_Aim of the task_
Repeat exactly, and only, the lines below starting at the line that contains "proof (rule bipoly.subspaceI, goal_cases)" and ending at the line that contains "using tdeg_scale2_le[of c", inclusive of both.

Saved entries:
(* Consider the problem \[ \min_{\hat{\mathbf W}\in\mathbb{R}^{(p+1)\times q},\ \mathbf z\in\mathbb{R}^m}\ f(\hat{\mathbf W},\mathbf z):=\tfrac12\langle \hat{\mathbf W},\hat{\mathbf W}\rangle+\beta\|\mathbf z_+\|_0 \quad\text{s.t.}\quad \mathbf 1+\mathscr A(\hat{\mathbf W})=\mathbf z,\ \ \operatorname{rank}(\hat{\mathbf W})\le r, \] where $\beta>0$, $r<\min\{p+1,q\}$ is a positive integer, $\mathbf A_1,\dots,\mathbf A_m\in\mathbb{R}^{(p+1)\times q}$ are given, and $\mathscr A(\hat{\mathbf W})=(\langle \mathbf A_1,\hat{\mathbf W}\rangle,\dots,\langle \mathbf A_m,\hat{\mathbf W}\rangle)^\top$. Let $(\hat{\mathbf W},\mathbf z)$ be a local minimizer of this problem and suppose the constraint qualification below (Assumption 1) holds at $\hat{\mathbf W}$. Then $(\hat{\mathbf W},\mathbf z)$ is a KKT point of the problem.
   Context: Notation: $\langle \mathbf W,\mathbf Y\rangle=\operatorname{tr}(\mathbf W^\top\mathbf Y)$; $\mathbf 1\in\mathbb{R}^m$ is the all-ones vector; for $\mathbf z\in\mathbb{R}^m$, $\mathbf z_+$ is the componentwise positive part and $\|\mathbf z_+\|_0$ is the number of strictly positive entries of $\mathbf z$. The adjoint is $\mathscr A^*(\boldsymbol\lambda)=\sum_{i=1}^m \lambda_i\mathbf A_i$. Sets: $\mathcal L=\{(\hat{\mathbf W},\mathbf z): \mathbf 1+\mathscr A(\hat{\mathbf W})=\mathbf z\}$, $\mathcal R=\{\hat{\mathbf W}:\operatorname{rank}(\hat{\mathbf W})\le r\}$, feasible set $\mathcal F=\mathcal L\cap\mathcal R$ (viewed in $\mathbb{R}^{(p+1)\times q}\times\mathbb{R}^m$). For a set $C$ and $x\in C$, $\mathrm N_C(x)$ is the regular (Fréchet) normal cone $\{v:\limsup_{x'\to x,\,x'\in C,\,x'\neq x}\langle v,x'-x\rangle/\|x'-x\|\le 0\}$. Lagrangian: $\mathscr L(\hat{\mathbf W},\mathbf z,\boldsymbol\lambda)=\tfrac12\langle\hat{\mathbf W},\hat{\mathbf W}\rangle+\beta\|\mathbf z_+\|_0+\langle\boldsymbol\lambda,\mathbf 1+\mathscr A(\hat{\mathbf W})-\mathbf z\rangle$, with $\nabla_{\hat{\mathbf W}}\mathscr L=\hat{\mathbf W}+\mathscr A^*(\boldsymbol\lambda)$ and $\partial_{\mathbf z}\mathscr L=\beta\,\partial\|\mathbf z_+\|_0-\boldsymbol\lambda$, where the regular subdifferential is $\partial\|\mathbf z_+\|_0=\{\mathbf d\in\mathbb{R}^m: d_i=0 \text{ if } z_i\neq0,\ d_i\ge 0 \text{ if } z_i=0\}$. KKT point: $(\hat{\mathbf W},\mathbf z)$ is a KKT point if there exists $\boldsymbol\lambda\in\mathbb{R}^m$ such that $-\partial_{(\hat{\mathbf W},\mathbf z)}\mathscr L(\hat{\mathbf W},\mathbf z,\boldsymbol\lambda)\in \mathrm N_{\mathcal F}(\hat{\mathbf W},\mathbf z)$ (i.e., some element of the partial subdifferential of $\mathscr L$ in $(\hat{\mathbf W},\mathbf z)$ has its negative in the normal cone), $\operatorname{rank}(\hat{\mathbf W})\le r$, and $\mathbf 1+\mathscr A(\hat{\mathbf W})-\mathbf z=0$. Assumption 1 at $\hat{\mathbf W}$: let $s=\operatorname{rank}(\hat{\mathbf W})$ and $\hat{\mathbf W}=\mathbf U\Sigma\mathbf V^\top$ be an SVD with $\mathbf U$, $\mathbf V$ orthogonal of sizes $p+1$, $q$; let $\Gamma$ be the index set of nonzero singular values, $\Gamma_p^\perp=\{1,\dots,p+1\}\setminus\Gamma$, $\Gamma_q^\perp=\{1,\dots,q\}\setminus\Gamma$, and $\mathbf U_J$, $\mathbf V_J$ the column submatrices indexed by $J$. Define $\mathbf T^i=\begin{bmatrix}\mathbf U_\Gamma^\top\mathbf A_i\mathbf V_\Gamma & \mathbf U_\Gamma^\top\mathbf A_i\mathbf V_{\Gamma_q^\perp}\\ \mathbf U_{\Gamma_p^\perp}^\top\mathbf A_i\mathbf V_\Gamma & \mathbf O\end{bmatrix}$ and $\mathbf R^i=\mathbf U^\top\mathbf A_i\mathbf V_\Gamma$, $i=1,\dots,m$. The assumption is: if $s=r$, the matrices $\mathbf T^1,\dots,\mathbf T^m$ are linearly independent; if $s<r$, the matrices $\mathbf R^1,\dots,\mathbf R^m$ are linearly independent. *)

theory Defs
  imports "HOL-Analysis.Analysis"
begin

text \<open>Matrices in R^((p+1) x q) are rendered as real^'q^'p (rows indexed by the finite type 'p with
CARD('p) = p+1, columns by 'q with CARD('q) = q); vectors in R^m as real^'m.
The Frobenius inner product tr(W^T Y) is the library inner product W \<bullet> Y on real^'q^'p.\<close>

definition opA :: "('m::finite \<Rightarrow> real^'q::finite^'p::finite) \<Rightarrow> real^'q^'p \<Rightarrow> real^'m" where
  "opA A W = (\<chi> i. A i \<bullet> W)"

* * *

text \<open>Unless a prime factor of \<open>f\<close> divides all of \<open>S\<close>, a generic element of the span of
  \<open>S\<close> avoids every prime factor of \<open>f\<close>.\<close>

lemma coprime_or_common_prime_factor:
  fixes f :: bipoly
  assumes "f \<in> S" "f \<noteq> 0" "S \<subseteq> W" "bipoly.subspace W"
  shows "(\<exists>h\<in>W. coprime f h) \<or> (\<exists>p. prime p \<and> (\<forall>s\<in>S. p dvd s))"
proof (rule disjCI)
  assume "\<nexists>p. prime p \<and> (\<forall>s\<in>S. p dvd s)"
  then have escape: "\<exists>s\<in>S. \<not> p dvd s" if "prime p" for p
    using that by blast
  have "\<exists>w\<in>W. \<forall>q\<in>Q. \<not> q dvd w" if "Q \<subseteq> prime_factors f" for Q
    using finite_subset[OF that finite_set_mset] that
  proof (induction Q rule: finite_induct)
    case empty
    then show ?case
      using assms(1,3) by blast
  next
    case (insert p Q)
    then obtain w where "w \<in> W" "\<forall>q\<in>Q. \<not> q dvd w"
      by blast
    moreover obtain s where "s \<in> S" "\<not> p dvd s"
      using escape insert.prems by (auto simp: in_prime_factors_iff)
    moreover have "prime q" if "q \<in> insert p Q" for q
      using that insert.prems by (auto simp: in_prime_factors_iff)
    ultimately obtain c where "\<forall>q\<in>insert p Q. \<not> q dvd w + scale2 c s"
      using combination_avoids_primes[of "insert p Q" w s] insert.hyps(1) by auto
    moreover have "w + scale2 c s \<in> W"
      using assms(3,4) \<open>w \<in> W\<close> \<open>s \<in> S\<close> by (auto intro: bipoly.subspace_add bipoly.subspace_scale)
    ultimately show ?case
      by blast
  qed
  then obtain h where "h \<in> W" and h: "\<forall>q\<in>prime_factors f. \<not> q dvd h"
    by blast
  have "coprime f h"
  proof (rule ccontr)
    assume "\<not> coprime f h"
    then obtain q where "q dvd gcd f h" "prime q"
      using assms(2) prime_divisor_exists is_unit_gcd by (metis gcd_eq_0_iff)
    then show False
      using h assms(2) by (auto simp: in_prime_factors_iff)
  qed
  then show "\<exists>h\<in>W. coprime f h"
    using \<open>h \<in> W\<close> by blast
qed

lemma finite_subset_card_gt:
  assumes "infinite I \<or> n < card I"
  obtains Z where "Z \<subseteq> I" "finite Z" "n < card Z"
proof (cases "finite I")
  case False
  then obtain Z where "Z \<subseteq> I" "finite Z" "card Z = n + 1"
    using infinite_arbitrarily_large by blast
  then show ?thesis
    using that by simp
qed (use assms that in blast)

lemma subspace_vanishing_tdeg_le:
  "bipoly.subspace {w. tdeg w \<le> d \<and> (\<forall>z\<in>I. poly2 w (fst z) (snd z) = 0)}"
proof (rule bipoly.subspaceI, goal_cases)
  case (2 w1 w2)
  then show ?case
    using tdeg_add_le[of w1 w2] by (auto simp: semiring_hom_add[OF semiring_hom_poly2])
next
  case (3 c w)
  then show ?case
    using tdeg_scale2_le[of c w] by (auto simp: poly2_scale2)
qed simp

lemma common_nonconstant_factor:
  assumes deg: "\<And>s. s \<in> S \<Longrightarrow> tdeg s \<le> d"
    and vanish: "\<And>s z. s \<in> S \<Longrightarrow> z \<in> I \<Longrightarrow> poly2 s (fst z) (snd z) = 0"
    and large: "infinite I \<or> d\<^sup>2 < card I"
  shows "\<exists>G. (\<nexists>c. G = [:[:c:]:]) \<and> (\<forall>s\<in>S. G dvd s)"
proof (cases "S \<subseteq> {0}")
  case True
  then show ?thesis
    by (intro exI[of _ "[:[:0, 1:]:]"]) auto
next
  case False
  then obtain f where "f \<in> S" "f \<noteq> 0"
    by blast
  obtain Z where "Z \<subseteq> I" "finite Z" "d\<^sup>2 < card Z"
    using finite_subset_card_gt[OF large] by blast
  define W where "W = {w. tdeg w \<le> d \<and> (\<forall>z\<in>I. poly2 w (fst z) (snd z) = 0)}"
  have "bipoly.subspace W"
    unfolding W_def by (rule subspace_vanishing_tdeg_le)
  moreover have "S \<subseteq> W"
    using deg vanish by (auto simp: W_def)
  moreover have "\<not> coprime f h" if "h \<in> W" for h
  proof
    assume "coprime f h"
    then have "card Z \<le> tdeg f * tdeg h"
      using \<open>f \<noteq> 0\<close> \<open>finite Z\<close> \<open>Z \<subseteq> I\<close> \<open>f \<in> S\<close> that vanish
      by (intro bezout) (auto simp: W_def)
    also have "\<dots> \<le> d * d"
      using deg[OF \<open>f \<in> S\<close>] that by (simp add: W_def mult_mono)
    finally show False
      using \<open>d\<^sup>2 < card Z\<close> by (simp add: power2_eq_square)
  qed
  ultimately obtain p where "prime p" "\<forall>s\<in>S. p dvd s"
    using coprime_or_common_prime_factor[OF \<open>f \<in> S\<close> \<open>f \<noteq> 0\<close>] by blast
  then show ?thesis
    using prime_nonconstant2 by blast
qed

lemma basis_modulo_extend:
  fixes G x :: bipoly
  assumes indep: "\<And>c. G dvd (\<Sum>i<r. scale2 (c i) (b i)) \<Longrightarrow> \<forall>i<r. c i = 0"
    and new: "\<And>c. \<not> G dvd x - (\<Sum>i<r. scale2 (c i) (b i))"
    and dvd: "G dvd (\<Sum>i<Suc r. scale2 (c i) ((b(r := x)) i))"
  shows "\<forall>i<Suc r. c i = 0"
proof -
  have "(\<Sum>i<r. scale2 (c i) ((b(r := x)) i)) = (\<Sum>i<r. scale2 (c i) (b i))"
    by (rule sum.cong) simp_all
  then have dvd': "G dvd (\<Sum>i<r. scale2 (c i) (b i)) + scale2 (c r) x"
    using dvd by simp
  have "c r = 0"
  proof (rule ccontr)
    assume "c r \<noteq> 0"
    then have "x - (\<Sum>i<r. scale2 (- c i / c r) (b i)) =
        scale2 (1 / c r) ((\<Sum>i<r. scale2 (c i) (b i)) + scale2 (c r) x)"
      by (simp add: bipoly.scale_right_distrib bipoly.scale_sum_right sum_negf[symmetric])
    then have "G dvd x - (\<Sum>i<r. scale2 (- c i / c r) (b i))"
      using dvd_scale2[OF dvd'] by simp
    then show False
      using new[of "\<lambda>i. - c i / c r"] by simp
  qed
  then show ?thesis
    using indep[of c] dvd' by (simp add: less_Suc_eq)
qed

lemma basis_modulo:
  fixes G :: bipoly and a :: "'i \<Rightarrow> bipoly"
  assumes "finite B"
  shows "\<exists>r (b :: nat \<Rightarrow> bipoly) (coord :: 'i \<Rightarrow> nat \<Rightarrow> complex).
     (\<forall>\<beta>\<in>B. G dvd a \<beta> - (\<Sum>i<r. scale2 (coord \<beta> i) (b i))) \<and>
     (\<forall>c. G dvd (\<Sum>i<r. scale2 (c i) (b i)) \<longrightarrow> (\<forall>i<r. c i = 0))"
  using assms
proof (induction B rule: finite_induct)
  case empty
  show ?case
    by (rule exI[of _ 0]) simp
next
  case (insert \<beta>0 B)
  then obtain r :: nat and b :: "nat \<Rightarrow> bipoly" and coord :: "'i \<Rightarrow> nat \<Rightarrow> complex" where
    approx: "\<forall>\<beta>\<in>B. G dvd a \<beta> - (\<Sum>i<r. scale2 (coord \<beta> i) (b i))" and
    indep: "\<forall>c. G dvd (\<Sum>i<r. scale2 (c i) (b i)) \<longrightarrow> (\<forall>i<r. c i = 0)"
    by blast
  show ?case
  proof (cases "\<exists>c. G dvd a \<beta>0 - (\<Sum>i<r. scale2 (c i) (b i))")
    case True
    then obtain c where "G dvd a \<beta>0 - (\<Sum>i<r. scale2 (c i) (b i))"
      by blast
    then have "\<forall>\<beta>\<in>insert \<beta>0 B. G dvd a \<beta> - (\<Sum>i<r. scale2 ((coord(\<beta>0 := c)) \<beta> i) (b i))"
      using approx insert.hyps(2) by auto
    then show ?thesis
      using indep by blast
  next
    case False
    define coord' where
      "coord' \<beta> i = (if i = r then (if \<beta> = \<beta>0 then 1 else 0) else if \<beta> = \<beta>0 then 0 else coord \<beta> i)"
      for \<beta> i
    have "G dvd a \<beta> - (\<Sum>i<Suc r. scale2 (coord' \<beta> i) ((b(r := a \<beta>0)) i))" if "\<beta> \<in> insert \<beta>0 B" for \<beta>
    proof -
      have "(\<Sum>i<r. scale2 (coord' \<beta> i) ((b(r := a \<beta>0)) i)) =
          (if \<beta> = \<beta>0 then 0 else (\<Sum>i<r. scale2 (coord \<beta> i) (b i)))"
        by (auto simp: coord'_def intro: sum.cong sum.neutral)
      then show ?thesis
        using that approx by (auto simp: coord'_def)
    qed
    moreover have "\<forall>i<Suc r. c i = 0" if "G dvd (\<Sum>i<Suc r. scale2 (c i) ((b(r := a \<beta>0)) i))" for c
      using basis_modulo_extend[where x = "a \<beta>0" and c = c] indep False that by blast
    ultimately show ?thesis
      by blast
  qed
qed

_Task output_
proof (rule bipoly.subspaceI, goal_cases)
  case (2 w1 w2)
  then show ?case
    using tdeg_add_le[of w1 w2] by (auto simp: semiring_hom_add[OF semiring_hom_poly2])
next
  case (3 c w)
  then show ?case
    using tdeg_scale2_le[of c w] by (auto simp: poly2_scale2)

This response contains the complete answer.